Even as some universities look to nickel-and-dime their way through The Great $2K Stipend Debate, a sizable chunk — especially from the Power Six conferences — are pulling in some type of profit from collegiate athletics.
Based on disclosures from the United States Department of Education, the BusinessOfCollegeSports.com website reports that 47 of the 66 athletic departments with a football program in a BcS conference made a net profit for 2010-2011. There were actually 48 schools listed by the site on the positive side of the financial ledger, with Notre Dame, which is a member of the Big East in other sports besides independent football program, coming in inside the Top Ten among individual institutions.
At this point, it would likely be wise to shine a light on the “disclaimer” the website noted when it comes to taking these numbers as financial gospel:
…the athletics departments do not report either profit or net income.
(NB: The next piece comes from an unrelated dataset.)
(* Let $(G,{\bf p})$ be a framework in $\mathbb R^d$ whose configuration ${\bf p}$ has $d$-dimensional affine span. Let $\tilde V$ be a subset of the vertices, $\tilde G$ the subgraph induced on $\tilde V$, and $\tilde{\bf p}$ the corresponding subconfiguration, and suppose $(\tilde G,\tilde{\bf p})$ is universally rigid and the affine span of $\tilde{\bf p}$ has dimension $\tilde d<d$. Suppose that for each vertex $i\notin\tilde V$, the affine span of the points ${\bf p}_k$ for neighbours $k\in\tilde V$ of $i$ has dimension $\tilde d$. Write $\mathbb R^d=\mathbb R^{\tilde d}\times\mathbb R^{d-\tilde d}$ with the affine span of $\tilde{\bf p}$ equal to $\mathbb R^{\tilde d}\times\{{\bf p}_0\}$, and let $\pi:\mathbb R^d\to\mathbb R^{d-\tilde d}$ be the orthogonal projection onto the second factor, so $\pi$ maps all points of $\tilde{\bf p}$ to ${\bf p}_0$. Let $G'$ be the subgraph of $G$ induced on the vertices not in $\tilde V$. Then $(G,{\bf p})$ is universally rigid (respectively dimensionally rigid) if and only if the coned framework ${\bf p}_0*(G',\pi({\bf p}))$ in $\mathbb R^{d-\tilde d}$ is universally rigid (respectively dimensionally rigid).
   Context: The coned framework ${\bf p}_0*(G',\pi({\bf p}))$ has a vertex at ${\bf p}_0$ joined by bars to every vertex $i$ of $G'$, vertex $i$ placed at $\pi({\bf p}_i)$, together with the bars of $G'$. A framework is universally rigid if every configuration in any $\mathbb R^D$ with the same bar lengths has all pairwise distances equal to those of the original; a framework with $d'$-dimensional affine span is dimensionally rigid if every configuration in any $\mathbb R^D$ with the same bar lengths has affine span of dimension at most $d'$. *)

theory Defs
  imports "HOL-Analysis.Analysis" "HOL-Library.Function_Algebras"
begin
Rather, they report their revenues and expenses. For this series, profit/net income was calculated by subtracting the total expenses reported from the total revenues reported.
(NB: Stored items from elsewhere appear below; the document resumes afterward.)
definition opid :: "'s set \<Rightarrow> ('s \<Rightarrow> nat) \<Rightarrow> 's op" where
  "opid S d = (\<lambda>c c'. if c \<in> cfgs S d \<and> c = c' then 1 else 0)"

primrec oprod :: "'s set \<Rightarrow> ('s \<Rightarrow> nat) \<Rightarrow> 's op list \<Rightarrow> 's op" where
  "oprod S d [] = opid S d"
| "oprod S d (P # Ps) = opmult S d P (oprod S d Ps)"

definition tensor :: "'s set \<Rightarrow> ('s \<Rightarrow> nat) \<Rightarrow> ('s \<Rightarrow> nat \<Rightarrow> nat \<Rightarrow> complex) \<Rightarrow> 's op" where
  "tensor S d M = (\<lambda>c c'. if c \<in> cfgs S d \<and> c' \<in> cfgs S d
                           then (\<Prod>x\<in>S. M x (c x) (c' x)) else 0)"

definition restr :: "('s \<Rightarrow> nat) \<Rightarrow> 's set \<Rightarrow> ('s \<Rightarrow> nat)" where
  "restr c r = (\<lambda>x. if x \<in> r then c x else 0)"

text \<open>The algebra A_r = B(H_r) tensor 1 on the complement of r.\<close>
definition local_alg :: "'s set \<Rightarrow> ('s \<Rightarrow> nat) \<Rightarrow> 's set \<Rightarrow> 's op set" where
  "local_alg S d r = {A. \<exists>Ar. A = (\<lambda>c c'.
       if c \<in> cfgs S d \<and> c' \<in> cfgs S d \<and> (\<forall>x\<in>S - r. c x = c' x)
       then Ar (restr c r) (restr c' r) else 0)}"

text \<open>For an edge e: L_e(g) if e leaves v, times Rh e g = R_e(g^{-1}) if e enters v
  (both for a loop at v), identity otherwise.\<close>
definition gauge_local ::
  "('e \<Rightarrow> 'v) \<Rightarrow> ('e \<Rightarrow> 'v) \<Rightarrow> ('v + 'e \<Rightarrow> nat) \<Rightarrow>
   ('v \<Rightarrow> 'g \<Rightarrow> nat \<Rightarrow> nat \<Rightarrow> complex) \<Rightarrow> ('e \<Rightarrow> 'g \<Rightarrow> nat \<Rightarrow> nat \<Rightarrow> complex) \<Rightarrow>
   ('e \<Rightarrow> 'g \<Rightarrow> nat \<Rightarrow> nat \<Rightarrow> complex) \<Rightarrow> 'v \<Rightarrow> 'g \<Rightarrow> ('v + 'e) \<Rightarrow> nat \<Rightarrow> nat \<Rightarrow> complex" where
  "gauge_local src tgt d U L Rh v g x =
     (case x of
        Inl w \<Rightarrow> (if w = v then U w g else kd)
      | Inr e \<Rightarrow> matmul (d x) (if src e = v then L e g else kd)
                              (if tgt e = v then Rh e g else kd))"

definition gauge_op where
  "gauge_op V E src tgt d U L Rh v g =
     tensor (sites V E) d (gauge_local src tgt d U L Rh v g)"

definition Pi_v :: "'g measure \<Rightarrow> 'v set \<Rightarrow> 'e set \<Rightarrow> ('e \<Rightarrow> 'v) \<Rightarrow> ('e \<Rightarrow> 'v) \<Rightarrow>
   ('v + 'e \<Rightarrow> nat) \<Rightarrow> ('v \<Rightarrow> 'g \<Rightarrow> nat \<Rightarrow> nat \<Rightarrow> complex) \<Rightarrow> ('e \<Rightarrow> 'g \<Rightarrow> nat \<Rightarrow> nat \<Rightarrow> complex) \<Rightarrow>
   ('e \<Rightarrow> 'g \<Rightarrow> nat \<Rightarrow> nat \<Rightarrow> complex) \<Rightarrow> 'v \<Rightarrow> ('v + 'e) op" where
  "Pi_v M V E src tgt d U L Rh v =
     (\<lambda>c c'. LINT g|M. gauge_op V E src tgt d U L Rh v g c c')"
As noted above, the data used was obtained from the Department of Education and is from 2010-11. While this data is not perfect, it is the only data publicly available for both private and public institutions.
In other words, take the numbers with a grain of salt the size of [insert name of favorite big-boned coach here]. So, with that said…
Not so surprisingly, the SEC (91.6) and Big Ten (83.33) were the conferences with the greatest percentage of its membership awash in black ink, followed by the Big 12’s 80 percent.
The lowest percentage among BcS conferences? The Big East, with only three of the eight football-playing members of the conference in 2010-11 pulling in a profit.
Among individual schools, Alabama ($31.68 million) and Penn State ($31.62 million) had the highest net income. Interestingly, the Tide was the only SEC school in the Top 10; the Big Ten, on the other hand, had a total of four — the Nittany Lions, Michigan (No. 3, $26.65 million), Ohio State (No. 7, $18.63 million) and Michigan State (No. 10, $13.51 million).
The six-time defending BcS conference, though, is certainly not hurting financially, with eight of its 12 members in the Top 26 in net income and just one athletic department — Ole Miss — that didn’t realize a profit. Tennessee is on the very low end of the SEC profit spectrum with a meager $14,447; the next lowest total from a member of that conference is South Carolina at $762,726.
Texas (No. 4, $24.32 million), Kansas State (No. 5, $23.39 million), Oregon (No. 8, $16.43 million) and Oklahoma State (No. 9, $14.36 million) round out the Top 10 most profitable athletic departments. Again, based on the very raw numbers from the Department of Education.